_DATASET_
(* Let $D$ be a positive discriminant, $\tau\in\mathbb H\times\mathbb H$ and $n>2$ an integer. The following are equivalent: (1) $\tau$ is fixed by an element $A\in\operatorname{SL}(\Lambda_D)$ of order $n$; (2) there is an automorphism of the principally polarized abelian variety $B_\tau$ of order $n$ commuting with $\iota_\tau(\mathcal O_D)$; (3) $\iota_\tau:\mathcal O_D\to\operatorname{End}(B_\tau)$ extends to complex multiplication by an order containing $\mathcal O_D[\zeta_n]$, where $\zeta_n$ is a primitive $n$th root of unity.
   Context: $\mathcal O_D=\mathbb Z[\frac{D+\sqrt D}2]$, $K_D=\mathcal O_D\otimes\mathbb Q$, $\sigma_\pm:K_D\to\mathbb R$ the embeddings with $\sigma_+(\sqrt D)>0>\sigma_-(\sqrt D)$, $\mathcal O_D^\vee=\frac1{\sqrt D}\mathcal O_D$, $\Lambda_D=\mathcal O_D\oplus\mathcal O_D^\vee$ with symplectic form $\langle(x_1,y_1),(x_2,y_2)\rangle=\operatorname{Tr}(x_1y_2-x_2y_1)$. $\operatorname{SL}(\Lambda_D)$ is the group of matrices $\begin{pmatrix}a&b\\c&d\end{pmatrix}$ with $ad-bc=1$, $a,d\in\mathcal O_D$, $b\in\sqrt D\mathcal O_D$, $c\in\mathcal O_D^\vee$, acting on $\mathbb H\times\mathbb H$ by $(\tau_+,\tau_-)\mapsto\big(\frac{\sigma_+(d)\tau_++\sigma_+(b)}{\sigma_+(c)\tau_++\sigma_+(a)},\frac{\sigma_-(d)\tau_-+\sigma_-(b)}{\sigma_-(c)\tau_-+\sigma_-(a)}\big)$. For $\tau=(\tau_+,\tau_-)$, $\phi_\tau(x,y)=(\sigma_+(x+y\tau_+),\sigma_-(x+y\tau_-))$, $B_\tau=\mathbb C^2/\phi_\tau(\Lambda_D)$ principally polarized by the symplectic form on $\Lambda_D$, and $\iota_\tau(x)$ is the endomorphism induced by $\operatorname{diag}(\sigma_+(x),\sigma_-(x))$. Complex multiplication by an order $\mathcal O$ (in a totally imaginary quadratic extension of $K_D$) is a proper homomorphism $\mathcal O\to\operatorname{End}(B_\tau)$ under which complex conjugation corresponds to the Rosati (symplectic adjoint) involution. *)

theory Defs
  imports "HOL-Analysis.Analysis"
begin

text \<open>An element (a,b) :: rat \<times> rat stands for a + b sqrt D in K_D = Q(sqrt D).\<close>

type_synonym kd = "rat \<times> rat"

definition real_quadratic_disc :: "int \<Rightarrow> bool" where
  "real_quadratic_disc D \<longleftrightarrow> D > 0 \<and> (D mod 4 = 0 \<or> D mod 4 = 1) \<and> (\<nexists>k::int. k * k = D)"

definition kadd :: "kd \<Rightarrow> kd \<Rightarrow> kd" where
  "kadd x y = (fst x + fst y, snd x + snd y)"

definition ksub :: "kd \<Rightarrow> kd \<Rightarrow> kd" where
  "ksub x y = (fst x - fst y, snd x - snd y)"

definition kmul :: "int \<Rightarrow> kd \<Rightarrow> kd \<Rightarrow> kd" where
  "kmul D x y = (fst x * fst y + of_int D * snd x * snd y, fst x * snd y + snd x * fst y)"

definition kone :: kd where "kone = (1, 0)"
definition kzero :: kd where "kzero = (0, 0)"
definition ksqrt :: kd where "ksqrt = (0, 1)"

definition sigp :: "int \<Rightarrow> kd \<Rightarrow> real" where
  "sigp D x = real_of_rat (fst x) + real_of_rat (snd x) * sqrt (real_of_int D)"
definition sigm :: "int \<Rightarrow> kd \<Rightarrow> real" where
  "sigm D x = real_of_rat (fst x) - real_of_rat (snd x) * sqrt (real_of_int D)"

definition ktrace :: "kd \<Rightarrow> rat" where
  "ktrace x = 2 * fst x"

text \<open>O_D = Z[(D + sqrt D)/2]\<close>
definition OD :: "int \<Rightarrow> kd set" where
  "OD D = {(of_int m + of_int k * of_int D / 2, of_int k / 2) | m k :: int. True}"

text \<open>O_D^dual = (1/sqrt D) O_D\<close>
definition OD_dual :: "int \<Rightarrow> kd set" where
  "OD_dual D = {kmul D (0, 1 / of_int D) x | x. x \<in> OD D}"

definition sqrtD_OD :: "int \<Rightarrow> kd set" where
  "sqrtD_OD D = {kmul D ksqrt x | x. x \<in> OD D}"

definition LambdaD :: "int \<Rightarrow> (kd \<times> kd) set" where
  "LambdaD D = OD D \<times> OD_dual D"

definition symp :: "int \<Rightarrow> kd \<times> kd \<Rightarrow> kd \<times> kd \<Rightarrow> rat" where
  "symp D u v = ktrace (ksub (kmul D (fst u) (snd v)) (kmul D (fst v) (snd u)))"

text \<open>A matrix (a,b,c,d) stands for [[a,b],[c,d]].\<close>
type_synonym kmat = "kd \<times> kd \<times> kd \<times> kd"

definition kmat_mult :: "int \<Rightarrow> kmat \<Rightarrow> kmat \<Rightarrow> kmat" where
  "kmat_mult D A B = (case A of (a, b, c, d) \<Rightarrow> case B of (a', b', c', d') \<Rightarrow>
     (kadd (kmul D a a') (kmul D b c'), kadd (kmul D a b') (kmul D b d'),
      kadd (kmul D c a') (kmul D d c'), kadd (kmul D c b') (kmul D d d')))"

definition kmat_id :: kmat where "kmat_id = (kone, kzero, kzero, kone)"

primrec kmat_pow :: "int \<Rightarrow> kmat \<Rightarrow> nat \<Rightarrow> kmat" where
  "kmat_pow D A 0 = kmat_id"
| "kmat_pow D A (Suc k) = kmat_mult D A (kmat_pow D A k)"

definition kmat_order :: "int \<Rightarrow> kmat \<Rightarrow> nat \<Rightarrow> bool" where
  "kmat_order D A n \<longleftrightarrow> n > 0 \<and> kmat_pow D A n = kmat_id \<and>
     (\<forall>k. 0 < k \<and> k < n \<longrightarrow> kmat_pow D A k \<noteq> kmat_id)"

definition SL_Lambda :: "int \<Rightarrow> kmat set" where
  "SL_Lambda D = {(a, b, c, d). ksub (kmul D a d) (kmul D b c) = kone \<and>
     a \<in> OD D \<and> d \<in> OD D \<and> b \<in> sqrtD_OD D \<and> c \<in> OD_dual D}"

definition sl_act :: "int \<Rightarrow> kmat \<Rightarrow> complex \<times> complex \<Rightarrow> complex \<times> complex" where
  "sl_act D A \<tau> = (case A of (a, b, c, d) \<Rightarrow>
     ((of_real (sigp D d) * fst \<tau> + of_real (sigp D b)) / (of_real (sigp D c) * fst \<tau> + of_real (sigp D a)),
      (of_real (sigm D d) * snd \<tau> + of_real (sigm D b)) / (of_real (sigm D c) * snd \<tau> + of_real (sigm D a))))"

text \<open>C-linear endomorphisms of C^2 are 2x2 complex matrices.\<close>
type_synonym cmat = "complex^2^2"

definition phi :: "int \<Rightarrow> complex \<times> complex \<Rightarrow> kd \<times> kd \<Rightarrow> complex^2" where
  "phi D \<tau> u = (\<chi> i. if i = 1
      then of_real (sigp D (fst u)) + of_real (sigp D (snd u)) * fst \<tau>
      else of_real (sigm D (fst u)) + of_real (sigm D (snd u)) * snd \<tau>)"

definition lattice :: "int \<Rightarrow> complex \<times> complex \<Rightarrow> (complex^2) set" where
  "lattice D \<tau> = phi D \<tau> ` LambdaD D"

text \<open>Endomorphisms of B_tau = C^2 / phi_tau(Lambda_D): C-linear maps preserving the lattice.\<close>
definition is_end :: "int \<Rightarrow> complex \<times> complex \<Rightarrow> cmat \<Rightarrow> bool" where
  "is_end D \<tau> M \<longleftrightarrow> (\<forall>p \<in> lattice D \<tau>. M *v p \<in> lattice D \<tau>)"

definition iota :: "int \<Rightarrow> complex \<times> complex \<Rightarrow> kd \<Rightarrow> cmat" where
  "iota D \<tau> x = (\<chi> i j. if i = j then (if i = 1 then of_real (sigp D x) else of_real (sigm D x)) else 0)"

text \<open>Automorphism of the principally polarized abelian variety: invertible endomorphism
  preserving the symplectic form (transported from Lambda_D to the lattice by phi_tau).\<close>
definition ppav_aut :: "int \<Rightarrow> complex \<times> complex \<Rightarrow> cmat \<Rightarrow> bool" where
  "ppav_aut D \<tau> M \<longleftrightarrow> is_end D \<tau> M \<and>
     (\<exists>N. is_end D \<tau> N \<and> M ** N = mat 1 \<and> N ** M = mat 1) \<and>
     (\<forall>u \<in> LambdaD D. \<forall>v \<in> LambdaD D. \<forall>u' \<in> LambdaD D. \<forall>v' \<in> LambdaD D.
        M *v phi D \<tau> u = phi D \<tau> u' \<longrightarrow> M *v phi D \<tau> v = phi D \<tau> v' \<longrightarrow>
        symp D u' v' = symp D u v)"

primrec cmat_pow :: "cmat \<Rightarrow> nat \<Rightarrow> cmat" where
  "cmat_pow M 0 = mat 1"
| "cmat_pow M (Suc k) = M ** cmat_pow M k"

definition cmat_order :: "cmat \<Rightarrow> nat \<Rightarrow> bool" where
  "cmat_order M n \<longleftrightarrow> n > 0 \<and> cmat_pow M n = mat 1 \<and>
     (\<forall>k. 0 < k \<and> k < n \<longrightarrow> cmat_pow M k \<noteq> mat 1)"

text \<open>Number fields are realised as subfields of C (no loss: every number field embeds in C,
  and for a CM field complex conjugation restricts to the CM involution).\<close>
definition subfield_C :: "complex set \<Rightarrow> bool" where
  "subfield_C L \<longleftrightarrow> 0 \<in> L \<and> 1 \<in> L \<and> (\<forall>x \<in> L. \<forall>y \<in> L. x + y \<in> L \<and> x * y \<in> L) \<and>
     (\<forall>x \<in> L. - x \<in> L \<and> inverse x \<in> L)"

definition kd_embedding :: "int \<Rightarrow> complex set \<Rightarrow> (kd \<Rightarrow> complex) \<Rightarrow> bool" where
  "kd_embedding D L j \<longleftrightarrow> (\<forall>x. j x \<in> L) \<and> j kone = 1 \<and>
     (\<forall>x y. j (kadd x y) = j x + j y \<and> j (kmul D x y) = j x * j y)"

_TASK DETAILS_
Copy down every line of the material above that includes the string "kzero".

_WRITTEN ANSWER_
definition kzero :: kd where "kzero = (0, 0)"
definition kmat_id :: kmat where "kmat_id = (kone, kzero, kzero, kone)"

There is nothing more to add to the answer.